10. Duchenne's disease
Duchenne muscular dystrophy (DMD) mainly affects men. It is a rare and deadly genetic disorder that produces progressive muscle weakness from early childhood and leads to premature death around 20 years of age due to heart and respiratory failure.
It is a progressive muscular disorder caused by the lack of functional dystrophin protein. Dystrophin is essential for the structural stability of all muscles, including skeletal muscles, the diaphragm and the heart. It affects 1 in 3,500 children in the world (around 20,000 new cases each year)
A preschooler with DMD may seem awkward and may fall frequently. Soon, he has trouble climbing stairs, getting up from the ground or running. Upon reaching school age, the child may walk on the toes or toe, presenting a somewhat rolling march. Its march is insecure and wiggles and can fall easily. To try to keep his balance, he pulls out his belly and pushes his shoulders back.
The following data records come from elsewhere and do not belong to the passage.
(* Let $(X,d)$ be a compact metric space, $(\Omega,\mathcal{B},\mathbf{P})$ a probability space, and $\xi=\xi(x)=\xi(x,\omega)$, $x\in X$, a separable real-valued random field which is continuous with respect to $d$ with probability one. Let $\Phi$ be an Orlicz function satisfying the $\Delta_2$ condition $\overline{\lim}_{u\to\infty}\Phi(2u)/\Phi(u)<\infty$, and assume $$\Big\|\sup_{x\in X}|\xi(x)|\Big\|_{\Phi}<\infty .$$ Then there exist a random variable $\tau_0\ge 0$ with $\|\tau_0\|_{\Phi}=1$ and a non-random function $g:[0,\operatorname{diam}(d,X)]\to[0,\infty)$ which is continuous, strictly increasing, with $g(0)=g(0+)=0$, such that with probability one $$\Delta(\xi,\delta)\le \tau_0\cdot g(\delta)\quad\text{for all }\delta\in[0,\operatorname{diam}(d,X)].$$
   Context: For a function $f:X\to\mathbb{R}$ the modulus of continuity is $\Delta(f,\delta)=\sup_{d(x,y)\le\delta}|f(x)-f(y)|$, $\delta\ge0$, and $\operatorname{diam}(d,X)=\sup_{x,y\in X}d(x,y)$. An Orlicz function is a function $\Phi:\mathbb{R}\to[0,\infty)$ that is convex, even, continuous, twice continuously differentiable on $u\ge2$, strictly increasing on $[0,\infty)$, with $\Phi(0)=0$ and $\lim_{|u|\to\infty}\Phi(u)=\infty$. The Orlicz space $L(\Phi)$ over $(\Omega,\mathcal{B},\mathbf{P})$ carries the Luxemburg norm $\|\zeta\|_{\Phi}=\inf\{k>0:\ \mathbf{E}\,\Phi(\zeta/k)\le1\}$. *)

theory Defs
  imports "HOL-Probability.Probability"
begin

definition modulus_cont :: "'a::metric_space set \<Rightarrow> ('a \<Rightarrow> real) \<Rightarrow> real \<Rightarrow> real" where
  "modulus_cont X f \<delta> = (SUP p \<in> {(x,y). x \<in> X \<and> y \<in> X \<and> dist x y \<le> \<delta>}. \<bar>f (fst p) - f (snd p)\<bar>)"

definition orlicz_function :: "(real \<Rightarrow> real) \<Rightarrow> bool" where
  "orlicz_function \<Phi> \<longleftrightarrow>
     (\<forall>u. \<Phi> u \<ge> 0) \<and>
     convex_on UNIV \<Phi> \<and>
     (\<forall>u. \<Phi> (- u) = \<Phi> u) \<and>
     continuous_on UNIV \<Phi> \<and>
     (\<exists>\<Phi>' \<Phi>''. (\<forall>u\<ge>2. (\<Phi> has_real_derivative \<Phi>' u) (at u within {2..}) \<and>
                        (\<Phi>' has_real_derivative \<Phi>'' u) (at u within {2..})) \<and>
                 continuous_on {2..} \<Phi>'') \<and>
     strict_mono_on {0..} \<Phi> \<and>
     \<Phi> 0 = 0 \<and>
     filterlim \<Phi> at_top at_top \<and> filterlim \<Phi> at_top at_bot"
He also has difficulty raising his arms. Almost all children with DMD stop walking between 7 and 12 years of age. In the teenage years, activities involving the arms, legs or trunk require help or mechanical support.
In Babies and more "We are all rare, we are all unique", World Day of rare diseases 11. Sanfilippo syndrome
It is a rare and devastating disease, known as childhood Alzéhimer, which affects one in 50,000 births. The disease is usually diagnosed between two and six years old.
It is a hereditary disease whose cause is the absence or malfunction of one of the enzymes of the cells necessary to break down and recycle complex materials that the body does not need.
Due to this genetic failure, the material that should decompose (heparan sulfate) accumulates in the cells with devastating consequences for the organism, causing mental deterioration, hyperactivity and self-destructive tendencies, leading to premature death during adolescence.
The disconcerting thing about Sanfilippo Syndrome is that its symptoms are not easily identifiable, therefore they can be confused with other disorders such as attention deficit disorder (ADD), since there is hyperactivity, and learning difficulties.
Usually, in the first years the child's growth is normal. There may be some signs such as a slight hepatomegaly (pathological increase in liver size), caries, chronic rhinitis, repeated upper airway infections and chronic diarrhea, but nothing too noticeable.
12. Juvenile dermatomyositis
We talked about this disease when we echoed the emotional letter from the father of a newly diagnosed three-year-old boy. It is a rare, serious and chronic disease, autoimmune nature and start before age 16. Its cause is unknown, although there is a tendency to think that the trigger could be a viral infection.
It is known as "the invisible disease" and is characterized by inflammation of the muscles (myositis), skin, blood vessels and sometimes some other organ of the body. It is a very rare disease that affects four children per million.
Symptoms can range from mild muscle weakness, such as difficulty getting up from chairs or turning in bed, to severe symptoms such as severe weakness or difficulty swallowing. Injuries, rashes or changes in the skin may also occur, from mild redness to severe ulcer formation, mainly on the face and hands.
13. Leigh syndrome
Leigh syndrome or subacute necrotizing encephalomyelopathy is a progressive neurological disease defined by the specific neuropathological characteristics associated with lesions of the brain stem and basal ganglia.
Its prevalence at birth is estimated at one in 36,000 babies. The onset of symptoms typically occurs before 12 months of age but, in rare cases, it can occur during adolescence, or even the onset of adulthood.
The usual initial symptoms are the lack of acquisition of the stages of motor development, hypotonia with loss of head control, recurrent vomiting and movement disorders.